By the way, as mentioned above, when the fuel flows into the float chamber in the form of bubbles, the fuel vapor pressure increases, suppressing the rise in the oil level, and lengthening the time until the needle valve is closed. As a result, a large amount of fuel vapor accumulates in the upper space of the float chamber, and the vapor and bubbles overflow into the air-fuel mixture passage through the vent pipe, causing the air-fuel mixture to become too rich and cause poor running.
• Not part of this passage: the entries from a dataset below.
(* Let $V$ be a quasi-regular mixed lattice vector space and let $\mathcal{R}(V)$ be the set of all regular quasi-ideals of $V$, ordered by inclusion. Then $\mathcal{R}(V)$ is a distributive lattice in which $A\vee B=A+B$ and $A\wedge B=A\cap B$. Moreover, $\mathcal{R}(V)$ has smallest element $\{0\}$ and largest element $V_{sp}-V_{sp}$.
   Context: A mixed lattice vector space is a real vector space $V$ with two partial orderings $\le$ (initial) and $\preceq$ (specific), each compatible with the vector space structure, such that for all $x,y$ the mixed lower envelope $x\curlywedge y=\max\{w: w\preceq x,\ w\le y\}$ and mixed upper envelope $x\curlyvee y=\min\{w: x\preceq w,\ y\le w\}$ exist (max/min with respect to $\le$). $V_{sp}=\{x:0\preceq x\}$, $E_{sp}=E\cap V_{sp}$. $V$ is quasi-regular if $V_{sp}$ is closed under $\curlywedge,\curlyvee$. A mixed lattice subspace is a linear subspace closed under $\curlywedge,\curlyvee$. A subspace $S$ is regular if $S=S_{sp}-S_{sp}$. A quasi-ideal is a mixed lattice subspace $A$ such that $y\in A$ and $0\preceq x\le y$ imply $x\in A$. *)

theory Defs
  imports Main "HOL.Real_Vector_Spaces"
begin

text \<open>Orders are given as relations on a real vector space: le is the initial order,
  sle the specific order.\<close>

definition partial_order_rel :: "('a \<Rightarrow> 'a \<Rightarrow> bool) \<Rightarrow> bool" where
  "partial_order_rel r \<longleftrightarrow> (\<forall>x. r x x) \<and> (\<forall>x y. r x y \<and> r y x \<longrightarrow> x = y)
     \<and> (\<forall>x y z. r x y \<and> r y z \<longrightarrow> r x z)"

definition vs_compatible :: "('a::real_vector \<Rightarrow> 'a \<Rightarrow> bool) \<Rightarrow> bool" where
  "vs_compatible r \<longleftrightarrow> (\<forall>x y z. r x y \<longrightarrow> r (x + z) (y + z))
     \<and> (\<forall>x y (c::real). r x y \<and> 0 \<le> c \<longrightarrow> r (c *\<^sub>R x) (c *\<^sub>R y))"

definition mlow_set :: "('a \<Rightarrow> 'a \<Rightarrow> bool) \<Rightarrow> ('a \<Rightarrow> 'a \<Rightarrow> bool) \<Rightarrow> 'a \<Rightarrow> 'a \<Rightarrow> 'a set" where
  "mlow_set le sle x y = {w. sle w x \<and> le w y}"

definition mup_set :: "('a \<Rightarrow> 'a \<Rightarrow> bool) \<Rightarrow> ('a \<Rightarrow> 'a \<Rightarrow> bool) \<Rightarrow> 'a \<Rightarrow> 'a \<Rightarrow> 'a set" where
  "mup_set le sle x y = {w. sle x w \<and> le y w}"

definition mlow :: "('a \<Rightarrow> 'a \<Rightarrow> bool) \<Rightarrow> ('a \<Rightarrow> 'a \<Rightarrow> bool) \<Rightarrow> 'a \<Rightarrow> 'a \<Rightarrow> 'a" where
  "mlow le sle x y = (THE w. w \<in> mlow_set le sle x y \<and> (\<forall>v \<in> mlow_set le sle x y. le v w))"

definition mup :: "('a \<Rightarrow> 'a \<Rightarrow> bool) \<Rightarrow> ('a \<Rightarrow> 'a \<Rightarrow> bool) \<Rightarrow> 'a \<Rightarrow> 'a \<Rightarrow> 'a" where
  "mup le sle x y = (THE w. w \<in> mup_set le sle x y \<and> (\<forall>v \<in> mup_set le sle x y. le w v))"

definition mixed_lattice_vs :: "('a::real_vector \<Rightarrow> 'a \<Rightarrow> bool) \<Rightarrow> ('a \<Rightarrow> 'a \<Rightarrow> bool) \<Rightarrow> bool" where
  "mixed_lattice_vs le sle \<longleftrightarrow>
     partial_order_rel le \<and> partial_order_rel sle \<and> vs_compatible le \<and> vs_compatible sle
     \<and> (\<forall>x y. \<exists>w. w \<in> mlow_set le sle x y \<and> (\<forall>v \<in> mlow_set le sle x y. le v w))
     \<and> (\<forall>x y. \<exists>w. w \<in> mup_set le sle x y \<and> (\<forall>v \<in> mup_set le sle x y. le w v))"

definition Vsp :: "('a::real_vector \<Rightarrow> 'a \<Rightarrow> bool) \<Rightarrow> 'a set" where
  "Vsp sle = {x. sle 0 x}"

definition quasi_regular :: "('a::real_vector \<Rightarrow> 'a \<Rightarrow> bool) \<Rightarrow> ('a \<Rightarrow> 'a \<Rightarrow> bool) \<Rightarrow> bool" where
  "quasi_regular le sle \<longleftrightarrow>
     (\<forall>x \<in> Vsp sle. \<forall>y \<in> Vsp sle. mlow le sle x y \<in> Vsp sle \<and> mup le sle x y \<in> Vsp sle)"

definition set_sum :: "'a::plus set \<Rightarrow> 'a set \<Rightarrow> 'a set" where
  "set_sum A B = {a + b | a b. a \<in> A \<and> b \<in> B}"

definition set_diff :: "'a::minus set \<Rightarrow> 'a set \<Rightarrow> 'a set" where
  "set_diff A B = {a - b | a b. a \<in> A \<and> b \<in> B}"

definition mixed_lattice_subspace :: "('a::real_vector \<Rightarrow> 'a \<Rightarrow> bool) \<Rightarrow> ('a \<Rightarrow> 'a \<Rightarrow> bool) \<Rightarrow> 'a set \<Rightarrow> bool" where
  "mixed_lattice_subspace le sle S \<longleftrightarrow> subspace S
     \<and> (\<forall>x \<in> S. \<forall>y \<in> S. mlow le sle x y \<in> S \<and> mup le sle x y \<in> S)"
It is known that this phenomenon occurs.

Therefore, as one of the conventional measures to prevent such spilling, the gasket inserted into the joint between the carburetor and the suction pipe is made of a highly insulating material, which reduces this heat transfer from the engine body and increases the temperature of the carburetor. There are ways to suppress this, but they are too indirect and have little effect. On the other hand, as a direct solution, there is, for example, the prior art disclosed in Japanese Utility Model Application Publication No. 53-14031, in which the interior of the float chamber is partitioned into the needle valve and the float side, and a fuel flow path that bypasses the partition plate is separately provided. It is proposed that it be attached.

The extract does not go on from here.